▶ EXERCISE: Could you set down exactly the lines in the records below between the line holding "Q i = coeff" and the line holding "using L0 leading_coeff_neq_0[of", inclusive?

= = = = =

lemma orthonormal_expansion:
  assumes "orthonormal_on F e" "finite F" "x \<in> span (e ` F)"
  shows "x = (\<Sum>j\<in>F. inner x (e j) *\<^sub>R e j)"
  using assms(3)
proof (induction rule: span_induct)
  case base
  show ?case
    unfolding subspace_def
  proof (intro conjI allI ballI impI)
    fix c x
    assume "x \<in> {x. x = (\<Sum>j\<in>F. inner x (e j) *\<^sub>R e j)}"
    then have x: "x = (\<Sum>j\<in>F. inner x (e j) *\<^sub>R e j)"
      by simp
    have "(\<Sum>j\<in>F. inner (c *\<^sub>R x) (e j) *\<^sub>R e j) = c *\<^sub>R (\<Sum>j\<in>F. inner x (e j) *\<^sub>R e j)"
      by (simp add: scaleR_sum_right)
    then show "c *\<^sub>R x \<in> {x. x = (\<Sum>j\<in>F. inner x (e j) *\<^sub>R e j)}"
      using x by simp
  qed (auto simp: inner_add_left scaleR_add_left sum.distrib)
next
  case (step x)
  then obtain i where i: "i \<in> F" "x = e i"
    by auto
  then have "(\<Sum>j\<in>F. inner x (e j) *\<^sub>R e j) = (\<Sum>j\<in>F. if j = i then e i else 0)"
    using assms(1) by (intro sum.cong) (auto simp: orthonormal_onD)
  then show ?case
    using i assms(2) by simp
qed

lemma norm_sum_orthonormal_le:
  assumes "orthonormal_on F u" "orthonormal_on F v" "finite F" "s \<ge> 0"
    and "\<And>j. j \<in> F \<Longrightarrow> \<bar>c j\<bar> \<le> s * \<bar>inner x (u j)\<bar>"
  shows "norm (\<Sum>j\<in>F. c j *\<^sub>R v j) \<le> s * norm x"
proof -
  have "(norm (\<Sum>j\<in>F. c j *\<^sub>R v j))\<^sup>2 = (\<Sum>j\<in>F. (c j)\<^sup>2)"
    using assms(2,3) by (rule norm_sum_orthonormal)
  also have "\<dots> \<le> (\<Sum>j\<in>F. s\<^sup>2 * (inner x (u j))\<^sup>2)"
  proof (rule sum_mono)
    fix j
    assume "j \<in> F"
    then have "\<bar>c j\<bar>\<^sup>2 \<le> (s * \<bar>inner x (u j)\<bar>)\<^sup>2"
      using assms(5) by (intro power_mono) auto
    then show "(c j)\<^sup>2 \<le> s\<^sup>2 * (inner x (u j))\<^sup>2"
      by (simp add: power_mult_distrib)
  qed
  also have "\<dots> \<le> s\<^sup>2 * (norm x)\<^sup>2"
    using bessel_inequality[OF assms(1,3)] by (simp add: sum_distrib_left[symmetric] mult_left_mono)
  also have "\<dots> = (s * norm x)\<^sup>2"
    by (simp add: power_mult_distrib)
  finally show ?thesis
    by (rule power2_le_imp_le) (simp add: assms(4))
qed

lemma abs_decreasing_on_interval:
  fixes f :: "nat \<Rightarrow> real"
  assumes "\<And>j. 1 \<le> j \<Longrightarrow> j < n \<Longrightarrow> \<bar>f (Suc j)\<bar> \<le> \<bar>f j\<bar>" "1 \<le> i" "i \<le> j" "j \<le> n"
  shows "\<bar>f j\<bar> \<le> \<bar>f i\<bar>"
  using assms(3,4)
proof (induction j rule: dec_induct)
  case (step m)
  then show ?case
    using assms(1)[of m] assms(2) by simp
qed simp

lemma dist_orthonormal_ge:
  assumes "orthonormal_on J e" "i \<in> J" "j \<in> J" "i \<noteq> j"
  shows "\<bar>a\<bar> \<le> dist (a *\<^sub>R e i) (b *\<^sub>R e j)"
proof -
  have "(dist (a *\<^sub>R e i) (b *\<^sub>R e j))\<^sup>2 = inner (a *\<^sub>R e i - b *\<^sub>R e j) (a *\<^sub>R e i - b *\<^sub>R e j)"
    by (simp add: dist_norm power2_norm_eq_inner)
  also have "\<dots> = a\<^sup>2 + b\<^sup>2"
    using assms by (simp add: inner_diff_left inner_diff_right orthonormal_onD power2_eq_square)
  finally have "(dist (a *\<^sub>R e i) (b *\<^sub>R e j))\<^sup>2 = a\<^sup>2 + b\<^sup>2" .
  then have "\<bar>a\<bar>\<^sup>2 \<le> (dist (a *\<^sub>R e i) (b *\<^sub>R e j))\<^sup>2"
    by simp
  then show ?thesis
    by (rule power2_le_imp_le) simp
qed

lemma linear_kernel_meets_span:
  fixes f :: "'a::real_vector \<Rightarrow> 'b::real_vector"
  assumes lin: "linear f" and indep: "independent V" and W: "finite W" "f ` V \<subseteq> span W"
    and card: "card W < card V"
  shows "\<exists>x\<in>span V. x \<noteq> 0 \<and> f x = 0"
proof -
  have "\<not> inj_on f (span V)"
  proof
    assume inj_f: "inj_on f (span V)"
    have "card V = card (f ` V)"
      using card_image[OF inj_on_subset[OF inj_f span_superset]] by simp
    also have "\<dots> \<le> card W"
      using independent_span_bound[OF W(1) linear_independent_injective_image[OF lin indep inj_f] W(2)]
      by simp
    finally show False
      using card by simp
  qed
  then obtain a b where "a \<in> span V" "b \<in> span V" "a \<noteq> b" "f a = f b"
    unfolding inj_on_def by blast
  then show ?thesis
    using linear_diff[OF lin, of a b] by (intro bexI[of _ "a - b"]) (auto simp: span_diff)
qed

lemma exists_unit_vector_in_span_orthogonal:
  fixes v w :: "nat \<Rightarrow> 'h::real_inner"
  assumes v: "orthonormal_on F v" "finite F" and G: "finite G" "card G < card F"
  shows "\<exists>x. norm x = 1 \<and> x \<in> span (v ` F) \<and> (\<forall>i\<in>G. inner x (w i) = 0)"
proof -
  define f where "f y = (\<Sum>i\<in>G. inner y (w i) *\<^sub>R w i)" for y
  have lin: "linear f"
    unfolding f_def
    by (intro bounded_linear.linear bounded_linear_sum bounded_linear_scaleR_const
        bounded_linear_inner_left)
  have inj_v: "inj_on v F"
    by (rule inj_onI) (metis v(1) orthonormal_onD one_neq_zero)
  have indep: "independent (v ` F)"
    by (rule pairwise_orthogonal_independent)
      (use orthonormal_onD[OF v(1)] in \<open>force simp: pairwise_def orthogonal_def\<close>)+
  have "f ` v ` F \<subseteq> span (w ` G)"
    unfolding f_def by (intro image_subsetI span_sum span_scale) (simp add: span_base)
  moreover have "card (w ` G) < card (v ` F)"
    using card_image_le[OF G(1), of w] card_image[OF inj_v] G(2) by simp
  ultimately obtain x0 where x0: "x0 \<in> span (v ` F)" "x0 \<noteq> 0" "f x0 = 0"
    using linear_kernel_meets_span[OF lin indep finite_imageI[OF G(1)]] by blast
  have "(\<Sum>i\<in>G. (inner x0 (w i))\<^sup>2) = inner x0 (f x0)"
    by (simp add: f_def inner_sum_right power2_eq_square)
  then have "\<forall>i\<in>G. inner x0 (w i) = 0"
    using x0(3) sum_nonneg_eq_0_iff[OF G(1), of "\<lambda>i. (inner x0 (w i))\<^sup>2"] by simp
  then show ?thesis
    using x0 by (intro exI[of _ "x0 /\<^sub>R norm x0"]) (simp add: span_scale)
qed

= = = = =

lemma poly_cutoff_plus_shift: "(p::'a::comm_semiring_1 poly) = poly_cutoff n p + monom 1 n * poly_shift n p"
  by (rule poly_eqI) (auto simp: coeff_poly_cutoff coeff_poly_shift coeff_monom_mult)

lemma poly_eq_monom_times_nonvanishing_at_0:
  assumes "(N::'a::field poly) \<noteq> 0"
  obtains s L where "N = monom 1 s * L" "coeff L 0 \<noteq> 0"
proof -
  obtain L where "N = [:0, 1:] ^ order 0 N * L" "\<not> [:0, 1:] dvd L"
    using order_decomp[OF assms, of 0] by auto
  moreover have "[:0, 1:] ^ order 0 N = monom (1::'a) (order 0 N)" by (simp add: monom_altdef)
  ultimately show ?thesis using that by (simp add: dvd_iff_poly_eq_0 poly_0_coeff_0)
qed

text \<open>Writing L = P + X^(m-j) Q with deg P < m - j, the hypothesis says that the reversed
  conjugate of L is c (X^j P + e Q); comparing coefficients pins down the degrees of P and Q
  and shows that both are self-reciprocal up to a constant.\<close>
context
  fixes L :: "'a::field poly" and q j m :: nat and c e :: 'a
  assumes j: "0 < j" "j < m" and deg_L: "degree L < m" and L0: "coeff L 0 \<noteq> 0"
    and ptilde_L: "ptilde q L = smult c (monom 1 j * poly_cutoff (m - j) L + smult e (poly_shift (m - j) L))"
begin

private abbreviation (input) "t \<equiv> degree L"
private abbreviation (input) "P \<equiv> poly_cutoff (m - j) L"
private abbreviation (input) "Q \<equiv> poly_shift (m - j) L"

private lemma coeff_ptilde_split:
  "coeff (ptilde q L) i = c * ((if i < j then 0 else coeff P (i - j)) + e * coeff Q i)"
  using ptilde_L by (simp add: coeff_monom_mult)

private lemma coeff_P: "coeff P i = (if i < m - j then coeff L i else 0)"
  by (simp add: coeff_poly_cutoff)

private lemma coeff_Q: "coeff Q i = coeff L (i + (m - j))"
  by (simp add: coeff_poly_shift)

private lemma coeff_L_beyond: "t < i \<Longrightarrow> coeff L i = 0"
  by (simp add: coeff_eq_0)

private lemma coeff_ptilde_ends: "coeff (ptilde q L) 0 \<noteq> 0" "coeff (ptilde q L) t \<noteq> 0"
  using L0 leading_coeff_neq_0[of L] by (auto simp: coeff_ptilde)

= = = = =

▶ RESPONSE FOR THIS EXERCISE:
private lemma coeff_Q: "coeff Q i = coeff L (i + (m - j))"
  by (simp add: coeff_poly_shift)

private lemma coeff_L_beyond: "t < i \<Longrightarrow> coeff L i = 0"
  by (simp add: coeff_eq_0)

private lemma coeff_ptilde_ends: "coeff (ptilde q L) 0 \<noteq> 0" "coeff (ptilde q L) t \<noteq> 0"
  using L0 leading_coeff_neq_0[of L] by (auto simp: coeff_ptilde)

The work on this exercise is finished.